= TASK TO COMPLETE =
Copy each line of the records below that mentions the word "qdim".

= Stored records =
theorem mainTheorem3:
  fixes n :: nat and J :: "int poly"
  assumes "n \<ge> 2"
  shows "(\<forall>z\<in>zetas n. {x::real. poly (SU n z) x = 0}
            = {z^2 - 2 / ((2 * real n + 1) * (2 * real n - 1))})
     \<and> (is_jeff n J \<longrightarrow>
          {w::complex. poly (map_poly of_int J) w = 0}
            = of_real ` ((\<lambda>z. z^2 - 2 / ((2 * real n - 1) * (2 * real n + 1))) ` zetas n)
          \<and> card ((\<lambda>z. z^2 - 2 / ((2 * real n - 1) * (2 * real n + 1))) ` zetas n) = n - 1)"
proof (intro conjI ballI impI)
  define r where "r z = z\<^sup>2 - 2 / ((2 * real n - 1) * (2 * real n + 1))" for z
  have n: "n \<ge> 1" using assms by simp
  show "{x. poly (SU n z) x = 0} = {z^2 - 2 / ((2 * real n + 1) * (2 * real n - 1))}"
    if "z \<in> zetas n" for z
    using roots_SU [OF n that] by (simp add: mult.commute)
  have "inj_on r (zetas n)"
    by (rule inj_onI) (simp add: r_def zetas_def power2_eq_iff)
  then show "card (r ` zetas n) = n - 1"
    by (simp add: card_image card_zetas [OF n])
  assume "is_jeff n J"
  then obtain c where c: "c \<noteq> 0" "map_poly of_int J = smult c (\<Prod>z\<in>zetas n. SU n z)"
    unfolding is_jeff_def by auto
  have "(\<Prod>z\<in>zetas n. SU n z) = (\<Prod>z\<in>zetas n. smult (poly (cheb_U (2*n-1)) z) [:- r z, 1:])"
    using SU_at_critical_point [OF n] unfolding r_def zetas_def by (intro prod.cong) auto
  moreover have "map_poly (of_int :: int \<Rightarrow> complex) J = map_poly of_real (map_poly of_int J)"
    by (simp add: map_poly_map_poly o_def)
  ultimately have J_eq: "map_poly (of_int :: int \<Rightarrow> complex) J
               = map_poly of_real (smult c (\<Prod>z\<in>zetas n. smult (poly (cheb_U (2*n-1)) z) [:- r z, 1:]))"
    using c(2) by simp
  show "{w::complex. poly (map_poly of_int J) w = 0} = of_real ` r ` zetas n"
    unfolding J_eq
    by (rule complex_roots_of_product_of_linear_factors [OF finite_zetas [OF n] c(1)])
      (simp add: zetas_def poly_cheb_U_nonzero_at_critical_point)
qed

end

==

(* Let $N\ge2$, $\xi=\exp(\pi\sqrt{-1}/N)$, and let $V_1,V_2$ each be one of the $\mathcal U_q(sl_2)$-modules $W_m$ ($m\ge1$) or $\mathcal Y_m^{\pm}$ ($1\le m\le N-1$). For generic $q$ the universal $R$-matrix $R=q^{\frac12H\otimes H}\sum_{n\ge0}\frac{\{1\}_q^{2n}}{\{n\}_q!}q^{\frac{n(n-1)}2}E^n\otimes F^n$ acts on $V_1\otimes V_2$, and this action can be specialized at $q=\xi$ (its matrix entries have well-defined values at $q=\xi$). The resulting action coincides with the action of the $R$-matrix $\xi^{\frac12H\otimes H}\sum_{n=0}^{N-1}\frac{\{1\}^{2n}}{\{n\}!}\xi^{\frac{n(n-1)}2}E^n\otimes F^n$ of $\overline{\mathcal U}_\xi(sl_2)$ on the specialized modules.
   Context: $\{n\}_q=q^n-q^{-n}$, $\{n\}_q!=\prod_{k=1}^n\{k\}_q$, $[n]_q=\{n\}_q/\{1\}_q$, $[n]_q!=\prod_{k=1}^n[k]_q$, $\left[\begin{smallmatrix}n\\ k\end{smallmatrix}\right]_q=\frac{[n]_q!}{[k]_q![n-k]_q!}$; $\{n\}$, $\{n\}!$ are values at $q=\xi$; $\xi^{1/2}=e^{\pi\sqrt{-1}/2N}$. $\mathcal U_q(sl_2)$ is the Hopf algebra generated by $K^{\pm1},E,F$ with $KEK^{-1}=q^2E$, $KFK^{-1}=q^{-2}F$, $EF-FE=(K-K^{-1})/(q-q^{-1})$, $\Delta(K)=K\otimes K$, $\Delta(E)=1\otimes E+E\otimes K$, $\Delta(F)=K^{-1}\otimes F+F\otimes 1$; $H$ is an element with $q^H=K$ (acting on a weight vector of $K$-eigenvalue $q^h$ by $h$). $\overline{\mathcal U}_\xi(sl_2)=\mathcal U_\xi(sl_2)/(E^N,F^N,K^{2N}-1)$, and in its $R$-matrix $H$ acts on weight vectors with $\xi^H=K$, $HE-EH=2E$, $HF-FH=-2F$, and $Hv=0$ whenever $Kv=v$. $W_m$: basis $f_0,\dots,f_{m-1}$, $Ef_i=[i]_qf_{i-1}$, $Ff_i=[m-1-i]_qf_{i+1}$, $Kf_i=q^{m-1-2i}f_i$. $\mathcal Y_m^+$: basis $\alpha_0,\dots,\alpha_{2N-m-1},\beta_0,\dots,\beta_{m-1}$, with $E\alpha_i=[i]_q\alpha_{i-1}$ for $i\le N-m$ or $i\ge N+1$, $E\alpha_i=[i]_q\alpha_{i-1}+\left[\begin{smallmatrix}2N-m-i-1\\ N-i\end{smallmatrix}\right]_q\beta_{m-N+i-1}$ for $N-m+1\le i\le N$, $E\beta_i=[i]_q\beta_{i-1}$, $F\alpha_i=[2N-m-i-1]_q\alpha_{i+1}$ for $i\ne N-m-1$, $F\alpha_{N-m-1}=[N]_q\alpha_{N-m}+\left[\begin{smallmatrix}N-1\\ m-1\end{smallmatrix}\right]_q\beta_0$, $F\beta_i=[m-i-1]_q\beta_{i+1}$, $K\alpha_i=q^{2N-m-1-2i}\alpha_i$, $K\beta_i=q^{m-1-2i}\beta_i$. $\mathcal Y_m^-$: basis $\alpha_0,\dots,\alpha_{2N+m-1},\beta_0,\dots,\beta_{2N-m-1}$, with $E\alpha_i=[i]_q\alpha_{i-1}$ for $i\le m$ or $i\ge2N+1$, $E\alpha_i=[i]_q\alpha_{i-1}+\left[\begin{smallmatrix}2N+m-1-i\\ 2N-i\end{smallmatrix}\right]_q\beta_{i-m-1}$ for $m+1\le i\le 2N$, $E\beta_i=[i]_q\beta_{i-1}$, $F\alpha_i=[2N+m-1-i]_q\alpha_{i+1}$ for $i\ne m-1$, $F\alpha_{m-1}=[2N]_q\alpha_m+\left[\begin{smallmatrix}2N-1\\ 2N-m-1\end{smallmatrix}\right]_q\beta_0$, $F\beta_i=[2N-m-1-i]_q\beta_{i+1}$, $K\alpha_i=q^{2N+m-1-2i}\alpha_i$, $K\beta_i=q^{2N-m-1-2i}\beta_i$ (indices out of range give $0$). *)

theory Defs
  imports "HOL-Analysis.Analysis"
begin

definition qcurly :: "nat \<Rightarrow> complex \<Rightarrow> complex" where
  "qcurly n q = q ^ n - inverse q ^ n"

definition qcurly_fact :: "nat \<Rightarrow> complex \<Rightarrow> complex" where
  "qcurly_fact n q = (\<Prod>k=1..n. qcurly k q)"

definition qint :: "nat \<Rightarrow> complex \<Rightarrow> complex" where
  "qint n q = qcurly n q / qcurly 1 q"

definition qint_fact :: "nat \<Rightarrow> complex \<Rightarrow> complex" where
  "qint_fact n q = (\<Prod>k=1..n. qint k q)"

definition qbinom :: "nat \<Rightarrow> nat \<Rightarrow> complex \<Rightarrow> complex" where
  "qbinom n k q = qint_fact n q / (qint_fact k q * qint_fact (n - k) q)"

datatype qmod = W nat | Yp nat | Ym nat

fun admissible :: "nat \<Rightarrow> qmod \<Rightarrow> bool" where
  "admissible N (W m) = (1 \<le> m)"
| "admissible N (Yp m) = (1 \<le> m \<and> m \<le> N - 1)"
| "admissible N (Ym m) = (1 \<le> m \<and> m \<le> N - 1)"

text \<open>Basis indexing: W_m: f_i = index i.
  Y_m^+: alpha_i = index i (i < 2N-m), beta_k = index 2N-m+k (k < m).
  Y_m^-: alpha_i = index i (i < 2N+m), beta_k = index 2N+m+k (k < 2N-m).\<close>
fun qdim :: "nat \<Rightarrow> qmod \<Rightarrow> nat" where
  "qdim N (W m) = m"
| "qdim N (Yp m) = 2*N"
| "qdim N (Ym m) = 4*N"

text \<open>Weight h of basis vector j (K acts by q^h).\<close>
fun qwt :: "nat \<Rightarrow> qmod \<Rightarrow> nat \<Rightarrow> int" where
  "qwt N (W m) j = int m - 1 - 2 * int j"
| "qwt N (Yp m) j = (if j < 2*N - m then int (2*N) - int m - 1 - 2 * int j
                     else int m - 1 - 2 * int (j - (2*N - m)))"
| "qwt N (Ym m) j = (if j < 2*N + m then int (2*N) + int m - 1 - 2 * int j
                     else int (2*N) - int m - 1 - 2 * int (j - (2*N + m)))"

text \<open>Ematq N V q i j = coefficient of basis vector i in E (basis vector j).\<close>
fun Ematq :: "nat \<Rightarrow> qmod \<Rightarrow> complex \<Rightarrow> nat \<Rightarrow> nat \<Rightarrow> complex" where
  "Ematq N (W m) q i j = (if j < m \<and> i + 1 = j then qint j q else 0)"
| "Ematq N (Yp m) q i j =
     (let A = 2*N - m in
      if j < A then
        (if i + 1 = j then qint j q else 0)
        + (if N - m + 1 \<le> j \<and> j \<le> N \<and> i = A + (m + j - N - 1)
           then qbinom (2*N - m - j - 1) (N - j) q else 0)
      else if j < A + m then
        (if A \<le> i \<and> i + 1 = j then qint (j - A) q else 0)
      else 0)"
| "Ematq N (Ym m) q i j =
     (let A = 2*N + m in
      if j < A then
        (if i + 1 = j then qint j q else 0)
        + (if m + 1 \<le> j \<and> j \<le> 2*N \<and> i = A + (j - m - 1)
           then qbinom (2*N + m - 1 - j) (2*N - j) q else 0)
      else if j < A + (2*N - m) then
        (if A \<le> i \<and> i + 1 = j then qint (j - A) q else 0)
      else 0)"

= ANSWER BOX =
fun qdim :: "nat \<Rightarrow> qmod \<Rightarrow> nat" where
  "qdim N (W m) = m"
| "qdim N (Yp m) = 2*N"
| "qdim N (Ym m) = 4*N"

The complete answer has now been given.